> _The task_:
Reproduce word for word the lines between those holding "(normal_density 0 (sqrt (real" and "(\<lambda>j \<omega>. \<omega>", inclusive, and nothing else from the data below.

> _Data for analysis_:
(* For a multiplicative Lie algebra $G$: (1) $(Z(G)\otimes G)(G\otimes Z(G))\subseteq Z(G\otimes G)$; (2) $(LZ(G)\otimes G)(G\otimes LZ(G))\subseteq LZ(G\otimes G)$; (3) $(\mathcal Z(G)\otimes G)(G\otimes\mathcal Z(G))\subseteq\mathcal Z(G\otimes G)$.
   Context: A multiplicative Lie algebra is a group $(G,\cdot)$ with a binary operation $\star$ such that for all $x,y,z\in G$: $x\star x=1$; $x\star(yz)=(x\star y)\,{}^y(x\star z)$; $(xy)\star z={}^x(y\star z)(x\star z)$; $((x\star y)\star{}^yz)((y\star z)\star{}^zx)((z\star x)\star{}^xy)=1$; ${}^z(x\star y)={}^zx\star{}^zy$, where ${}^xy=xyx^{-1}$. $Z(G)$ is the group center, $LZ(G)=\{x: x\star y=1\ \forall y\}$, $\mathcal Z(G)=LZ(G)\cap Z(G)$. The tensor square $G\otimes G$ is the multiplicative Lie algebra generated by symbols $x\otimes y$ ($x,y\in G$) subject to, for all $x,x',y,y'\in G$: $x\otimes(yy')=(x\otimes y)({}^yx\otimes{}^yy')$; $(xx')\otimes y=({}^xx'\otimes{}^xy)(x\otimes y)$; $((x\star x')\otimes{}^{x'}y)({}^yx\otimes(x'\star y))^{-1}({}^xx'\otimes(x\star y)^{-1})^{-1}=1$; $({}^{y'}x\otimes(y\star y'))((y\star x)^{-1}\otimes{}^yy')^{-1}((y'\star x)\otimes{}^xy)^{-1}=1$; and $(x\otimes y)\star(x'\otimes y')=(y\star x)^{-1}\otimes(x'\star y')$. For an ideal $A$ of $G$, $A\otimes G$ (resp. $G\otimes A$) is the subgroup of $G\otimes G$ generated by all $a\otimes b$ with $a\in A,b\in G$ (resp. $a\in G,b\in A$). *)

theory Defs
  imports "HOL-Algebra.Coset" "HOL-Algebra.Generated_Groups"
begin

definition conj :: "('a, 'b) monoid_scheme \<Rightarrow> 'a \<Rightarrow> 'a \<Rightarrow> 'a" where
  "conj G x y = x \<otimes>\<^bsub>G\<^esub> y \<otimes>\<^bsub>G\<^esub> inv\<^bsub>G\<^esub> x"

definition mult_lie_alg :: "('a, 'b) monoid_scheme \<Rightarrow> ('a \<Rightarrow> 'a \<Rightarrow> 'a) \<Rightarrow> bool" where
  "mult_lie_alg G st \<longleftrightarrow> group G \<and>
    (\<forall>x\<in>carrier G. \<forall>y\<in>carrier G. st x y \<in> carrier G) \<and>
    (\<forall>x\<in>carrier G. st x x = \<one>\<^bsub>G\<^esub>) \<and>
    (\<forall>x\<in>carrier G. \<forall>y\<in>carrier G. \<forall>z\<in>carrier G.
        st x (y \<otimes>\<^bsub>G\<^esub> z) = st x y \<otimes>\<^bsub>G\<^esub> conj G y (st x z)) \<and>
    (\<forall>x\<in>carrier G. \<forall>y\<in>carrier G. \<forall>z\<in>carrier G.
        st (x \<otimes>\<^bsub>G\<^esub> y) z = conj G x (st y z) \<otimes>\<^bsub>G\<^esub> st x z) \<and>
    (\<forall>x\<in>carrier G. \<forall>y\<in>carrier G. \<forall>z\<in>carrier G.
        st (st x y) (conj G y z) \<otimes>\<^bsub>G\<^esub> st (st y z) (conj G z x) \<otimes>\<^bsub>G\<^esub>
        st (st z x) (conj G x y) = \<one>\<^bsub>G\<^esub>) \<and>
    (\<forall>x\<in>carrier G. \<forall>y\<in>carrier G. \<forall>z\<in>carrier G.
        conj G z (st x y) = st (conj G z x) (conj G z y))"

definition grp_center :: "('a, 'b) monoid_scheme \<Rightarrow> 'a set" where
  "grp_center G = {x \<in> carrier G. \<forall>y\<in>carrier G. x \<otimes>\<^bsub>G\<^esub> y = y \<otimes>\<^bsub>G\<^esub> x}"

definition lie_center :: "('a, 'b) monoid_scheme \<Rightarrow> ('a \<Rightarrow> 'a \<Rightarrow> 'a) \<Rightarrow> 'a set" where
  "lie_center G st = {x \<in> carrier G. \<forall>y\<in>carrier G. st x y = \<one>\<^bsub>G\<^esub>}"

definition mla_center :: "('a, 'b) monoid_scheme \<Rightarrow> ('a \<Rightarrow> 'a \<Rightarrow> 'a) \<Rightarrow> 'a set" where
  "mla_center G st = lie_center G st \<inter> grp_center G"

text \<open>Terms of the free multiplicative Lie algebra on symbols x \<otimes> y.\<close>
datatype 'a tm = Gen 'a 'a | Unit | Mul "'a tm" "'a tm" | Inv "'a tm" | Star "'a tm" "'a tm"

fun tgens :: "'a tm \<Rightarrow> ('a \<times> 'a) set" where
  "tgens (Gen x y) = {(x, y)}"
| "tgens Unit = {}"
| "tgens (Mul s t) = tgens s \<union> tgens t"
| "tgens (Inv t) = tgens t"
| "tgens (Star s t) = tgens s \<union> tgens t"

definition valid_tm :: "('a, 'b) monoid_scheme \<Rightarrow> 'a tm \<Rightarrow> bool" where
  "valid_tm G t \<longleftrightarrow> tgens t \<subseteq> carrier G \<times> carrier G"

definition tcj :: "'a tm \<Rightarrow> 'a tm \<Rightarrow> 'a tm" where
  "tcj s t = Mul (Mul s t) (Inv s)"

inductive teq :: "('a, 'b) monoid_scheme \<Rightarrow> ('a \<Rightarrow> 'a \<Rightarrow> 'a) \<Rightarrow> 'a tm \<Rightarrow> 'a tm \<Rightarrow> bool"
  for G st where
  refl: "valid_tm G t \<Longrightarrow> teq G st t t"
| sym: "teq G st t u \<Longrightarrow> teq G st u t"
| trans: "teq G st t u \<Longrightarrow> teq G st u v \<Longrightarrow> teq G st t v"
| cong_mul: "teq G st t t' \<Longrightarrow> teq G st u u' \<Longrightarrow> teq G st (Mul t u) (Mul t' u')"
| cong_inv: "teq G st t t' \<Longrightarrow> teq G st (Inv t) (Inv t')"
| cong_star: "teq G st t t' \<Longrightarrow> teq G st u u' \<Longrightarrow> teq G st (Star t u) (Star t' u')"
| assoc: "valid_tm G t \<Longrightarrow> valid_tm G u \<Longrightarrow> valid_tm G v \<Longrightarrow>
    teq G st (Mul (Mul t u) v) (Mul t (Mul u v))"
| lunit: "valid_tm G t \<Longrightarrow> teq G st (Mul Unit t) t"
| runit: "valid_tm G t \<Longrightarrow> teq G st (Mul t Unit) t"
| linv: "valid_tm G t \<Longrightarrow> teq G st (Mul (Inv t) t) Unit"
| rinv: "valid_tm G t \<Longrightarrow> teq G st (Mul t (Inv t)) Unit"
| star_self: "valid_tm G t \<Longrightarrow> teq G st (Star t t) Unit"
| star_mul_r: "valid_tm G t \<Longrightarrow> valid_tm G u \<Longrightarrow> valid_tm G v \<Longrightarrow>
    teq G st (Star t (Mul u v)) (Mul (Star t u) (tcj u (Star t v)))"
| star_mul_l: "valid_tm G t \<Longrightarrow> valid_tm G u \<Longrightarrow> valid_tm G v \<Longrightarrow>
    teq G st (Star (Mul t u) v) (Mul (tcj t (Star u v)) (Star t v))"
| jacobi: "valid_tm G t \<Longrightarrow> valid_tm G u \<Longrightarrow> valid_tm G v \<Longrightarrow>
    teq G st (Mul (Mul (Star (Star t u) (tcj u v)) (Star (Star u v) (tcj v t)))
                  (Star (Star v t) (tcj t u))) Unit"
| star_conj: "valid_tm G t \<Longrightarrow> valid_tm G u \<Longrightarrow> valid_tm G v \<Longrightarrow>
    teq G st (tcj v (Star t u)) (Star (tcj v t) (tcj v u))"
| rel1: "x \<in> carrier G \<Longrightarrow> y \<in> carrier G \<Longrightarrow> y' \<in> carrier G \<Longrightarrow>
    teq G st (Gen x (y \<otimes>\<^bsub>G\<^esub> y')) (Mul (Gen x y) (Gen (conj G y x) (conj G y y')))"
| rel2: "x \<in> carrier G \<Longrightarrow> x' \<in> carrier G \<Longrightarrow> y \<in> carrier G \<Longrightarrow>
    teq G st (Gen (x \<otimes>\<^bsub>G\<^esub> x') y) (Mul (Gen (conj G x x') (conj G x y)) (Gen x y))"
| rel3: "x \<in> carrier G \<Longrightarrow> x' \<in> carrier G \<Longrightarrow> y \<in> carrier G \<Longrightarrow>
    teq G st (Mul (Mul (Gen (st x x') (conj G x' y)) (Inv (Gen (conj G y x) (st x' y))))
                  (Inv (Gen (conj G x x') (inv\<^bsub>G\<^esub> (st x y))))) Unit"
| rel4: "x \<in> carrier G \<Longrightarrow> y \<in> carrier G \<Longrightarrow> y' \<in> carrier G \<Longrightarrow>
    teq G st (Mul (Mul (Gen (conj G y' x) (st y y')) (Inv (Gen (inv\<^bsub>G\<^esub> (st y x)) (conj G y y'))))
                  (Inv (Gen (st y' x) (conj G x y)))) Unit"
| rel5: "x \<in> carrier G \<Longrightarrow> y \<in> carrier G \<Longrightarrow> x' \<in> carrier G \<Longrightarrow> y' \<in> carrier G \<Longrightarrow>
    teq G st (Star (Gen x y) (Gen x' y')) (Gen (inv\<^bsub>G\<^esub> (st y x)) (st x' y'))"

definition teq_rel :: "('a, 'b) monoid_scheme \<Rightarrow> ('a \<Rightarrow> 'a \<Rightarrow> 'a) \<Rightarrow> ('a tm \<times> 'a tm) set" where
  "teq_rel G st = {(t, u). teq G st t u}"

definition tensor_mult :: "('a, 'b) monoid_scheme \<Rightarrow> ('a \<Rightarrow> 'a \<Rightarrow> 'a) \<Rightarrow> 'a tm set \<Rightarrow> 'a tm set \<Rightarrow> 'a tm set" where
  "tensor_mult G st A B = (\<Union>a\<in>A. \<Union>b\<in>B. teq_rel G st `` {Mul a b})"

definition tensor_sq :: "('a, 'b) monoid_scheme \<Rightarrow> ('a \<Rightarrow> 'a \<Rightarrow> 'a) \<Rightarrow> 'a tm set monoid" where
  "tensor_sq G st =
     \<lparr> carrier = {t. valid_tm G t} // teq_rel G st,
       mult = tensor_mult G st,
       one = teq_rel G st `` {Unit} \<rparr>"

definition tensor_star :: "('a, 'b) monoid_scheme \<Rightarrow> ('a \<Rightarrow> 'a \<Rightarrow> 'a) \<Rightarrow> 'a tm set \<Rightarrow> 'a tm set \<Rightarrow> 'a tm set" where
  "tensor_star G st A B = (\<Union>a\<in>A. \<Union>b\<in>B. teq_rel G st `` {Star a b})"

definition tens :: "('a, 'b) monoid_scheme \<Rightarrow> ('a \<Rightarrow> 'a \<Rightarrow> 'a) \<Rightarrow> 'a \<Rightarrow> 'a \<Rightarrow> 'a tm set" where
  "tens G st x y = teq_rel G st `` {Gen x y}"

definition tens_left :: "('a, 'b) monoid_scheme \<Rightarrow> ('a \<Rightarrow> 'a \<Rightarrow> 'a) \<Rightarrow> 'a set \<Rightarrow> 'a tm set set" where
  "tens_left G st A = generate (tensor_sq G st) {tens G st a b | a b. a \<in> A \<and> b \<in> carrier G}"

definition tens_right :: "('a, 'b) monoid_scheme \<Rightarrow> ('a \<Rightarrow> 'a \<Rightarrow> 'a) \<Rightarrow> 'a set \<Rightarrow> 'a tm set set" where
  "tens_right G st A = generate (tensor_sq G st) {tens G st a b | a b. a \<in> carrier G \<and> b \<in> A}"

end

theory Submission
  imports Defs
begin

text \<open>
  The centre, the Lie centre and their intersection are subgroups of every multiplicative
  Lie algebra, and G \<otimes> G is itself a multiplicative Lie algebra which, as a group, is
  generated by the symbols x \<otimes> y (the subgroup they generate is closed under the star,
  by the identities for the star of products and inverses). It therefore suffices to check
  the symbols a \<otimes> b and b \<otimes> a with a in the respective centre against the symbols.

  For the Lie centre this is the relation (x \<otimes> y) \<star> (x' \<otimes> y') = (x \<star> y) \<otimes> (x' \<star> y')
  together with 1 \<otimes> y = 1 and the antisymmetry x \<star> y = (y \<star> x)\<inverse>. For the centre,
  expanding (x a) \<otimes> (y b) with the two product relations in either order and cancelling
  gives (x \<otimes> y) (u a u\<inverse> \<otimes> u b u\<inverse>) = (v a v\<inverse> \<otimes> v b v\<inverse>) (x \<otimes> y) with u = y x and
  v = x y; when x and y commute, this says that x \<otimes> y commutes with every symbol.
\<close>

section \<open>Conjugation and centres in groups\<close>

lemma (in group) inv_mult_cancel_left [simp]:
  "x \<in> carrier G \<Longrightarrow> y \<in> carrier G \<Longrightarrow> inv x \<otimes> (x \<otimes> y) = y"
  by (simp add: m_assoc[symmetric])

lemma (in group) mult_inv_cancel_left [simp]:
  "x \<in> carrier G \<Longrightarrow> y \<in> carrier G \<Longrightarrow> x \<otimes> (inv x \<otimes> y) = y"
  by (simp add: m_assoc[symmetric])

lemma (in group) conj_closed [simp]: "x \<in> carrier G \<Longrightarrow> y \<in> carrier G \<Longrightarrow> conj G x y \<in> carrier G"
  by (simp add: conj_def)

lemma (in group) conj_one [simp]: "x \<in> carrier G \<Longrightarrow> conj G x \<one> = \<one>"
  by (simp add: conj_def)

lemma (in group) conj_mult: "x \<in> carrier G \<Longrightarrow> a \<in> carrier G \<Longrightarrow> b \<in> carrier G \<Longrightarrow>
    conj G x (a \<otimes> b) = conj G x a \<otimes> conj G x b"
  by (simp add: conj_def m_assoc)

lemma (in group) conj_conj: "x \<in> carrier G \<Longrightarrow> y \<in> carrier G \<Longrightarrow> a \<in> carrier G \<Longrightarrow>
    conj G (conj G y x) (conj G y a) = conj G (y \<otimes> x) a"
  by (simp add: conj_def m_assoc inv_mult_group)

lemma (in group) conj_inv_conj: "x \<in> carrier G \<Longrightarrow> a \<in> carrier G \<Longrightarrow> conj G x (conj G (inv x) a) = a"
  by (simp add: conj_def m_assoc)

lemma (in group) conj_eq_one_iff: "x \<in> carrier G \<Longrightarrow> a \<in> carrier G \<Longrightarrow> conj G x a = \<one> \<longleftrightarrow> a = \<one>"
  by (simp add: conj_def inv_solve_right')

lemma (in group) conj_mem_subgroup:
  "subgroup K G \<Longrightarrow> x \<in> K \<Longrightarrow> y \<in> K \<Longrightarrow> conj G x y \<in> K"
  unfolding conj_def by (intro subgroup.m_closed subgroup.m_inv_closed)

...

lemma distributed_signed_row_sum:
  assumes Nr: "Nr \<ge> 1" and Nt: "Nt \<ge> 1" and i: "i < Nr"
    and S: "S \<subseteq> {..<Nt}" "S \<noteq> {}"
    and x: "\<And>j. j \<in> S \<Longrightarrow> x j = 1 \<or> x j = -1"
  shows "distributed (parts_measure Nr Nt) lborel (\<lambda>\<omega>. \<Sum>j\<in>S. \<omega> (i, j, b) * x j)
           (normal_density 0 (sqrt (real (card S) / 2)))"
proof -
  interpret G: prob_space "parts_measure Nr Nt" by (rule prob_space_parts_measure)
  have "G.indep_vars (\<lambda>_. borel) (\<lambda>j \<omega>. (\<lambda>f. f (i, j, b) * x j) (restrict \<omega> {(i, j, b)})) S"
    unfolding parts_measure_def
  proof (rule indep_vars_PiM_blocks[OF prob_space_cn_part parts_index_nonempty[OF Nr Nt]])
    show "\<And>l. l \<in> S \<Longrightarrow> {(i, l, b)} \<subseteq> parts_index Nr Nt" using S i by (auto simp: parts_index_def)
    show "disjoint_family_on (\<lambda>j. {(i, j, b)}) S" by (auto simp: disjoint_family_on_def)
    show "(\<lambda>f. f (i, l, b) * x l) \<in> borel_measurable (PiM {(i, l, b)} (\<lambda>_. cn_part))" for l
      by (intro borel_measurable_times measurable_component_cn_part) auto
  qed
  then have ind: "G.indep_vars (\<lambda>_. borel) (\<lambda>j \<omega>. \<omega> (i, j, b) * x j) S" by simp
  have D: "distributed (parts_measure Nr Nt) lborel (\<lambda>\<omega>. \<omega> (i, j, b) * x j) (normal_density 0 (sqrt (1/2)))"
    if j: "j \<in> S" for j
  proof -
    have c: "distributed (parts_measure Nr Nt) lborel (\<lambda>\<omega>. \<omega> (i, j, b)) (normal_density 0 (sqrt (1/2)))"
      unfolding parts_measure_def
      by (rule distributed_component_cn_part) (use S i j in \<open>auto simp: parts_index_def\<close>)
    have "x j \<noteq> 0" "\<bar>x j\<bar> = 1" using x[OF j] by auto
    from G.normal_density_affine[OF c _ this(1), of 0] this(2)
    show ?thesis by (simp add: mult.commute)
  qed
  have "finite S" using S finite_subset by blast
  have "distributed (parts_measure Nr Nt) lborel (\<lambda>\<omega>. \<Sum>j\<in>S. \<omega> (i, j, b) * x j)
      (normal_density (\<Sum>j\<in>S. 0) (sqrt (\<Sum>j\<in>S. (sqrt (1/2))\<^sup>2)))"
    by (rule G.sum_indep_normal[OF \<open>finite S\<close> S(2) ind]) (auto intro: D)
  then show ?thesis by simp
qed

> _Task output_:
           (normal_density 0 (sqrt (real (card S) / 2)))"
proof -
  interpret G: prob_space "parts_measure Nr Nt" by (rule prob_space_parts_measure)
  have "G.indep_vars (\<lambda>_. borel) (\<lambda>j \<omega>. (\<lambda>f. f (i, j, b) * x j) (restrict \<omega> {(i, j, b)})) S"
    unfolding parts_measure_def
  proof (rule indep_vars_PiM_blocks[OF prob_space_cn_part parts_index_nonempty[OF Nr Nt]])
    show "\<And>l. l \<in> S \<Longrightarrow> {(i, l, b)} \<subseteq> parts_index Nr Nt" using S i by (auto simp: parts_index_def)
    show "disjoint_family_on (\<lambda>j. {(i, j, b)}) S" by (auto simp: disjoint_family_on_def)
    show "(\<lambda>f. f (i, l, b) * x l) \<in> borel_measurable (PiM {(i, l, b)} (\<lambda>_. cn_part))" for l
      by (intro borel_measurable_times measurable_component_cn_part) auto
  qed
  then have ind: "G.indep_vars (\<lambda>_. borel) (\<lambda>j \<omega>. \<omega> (i, j, b) * x j) S" by simp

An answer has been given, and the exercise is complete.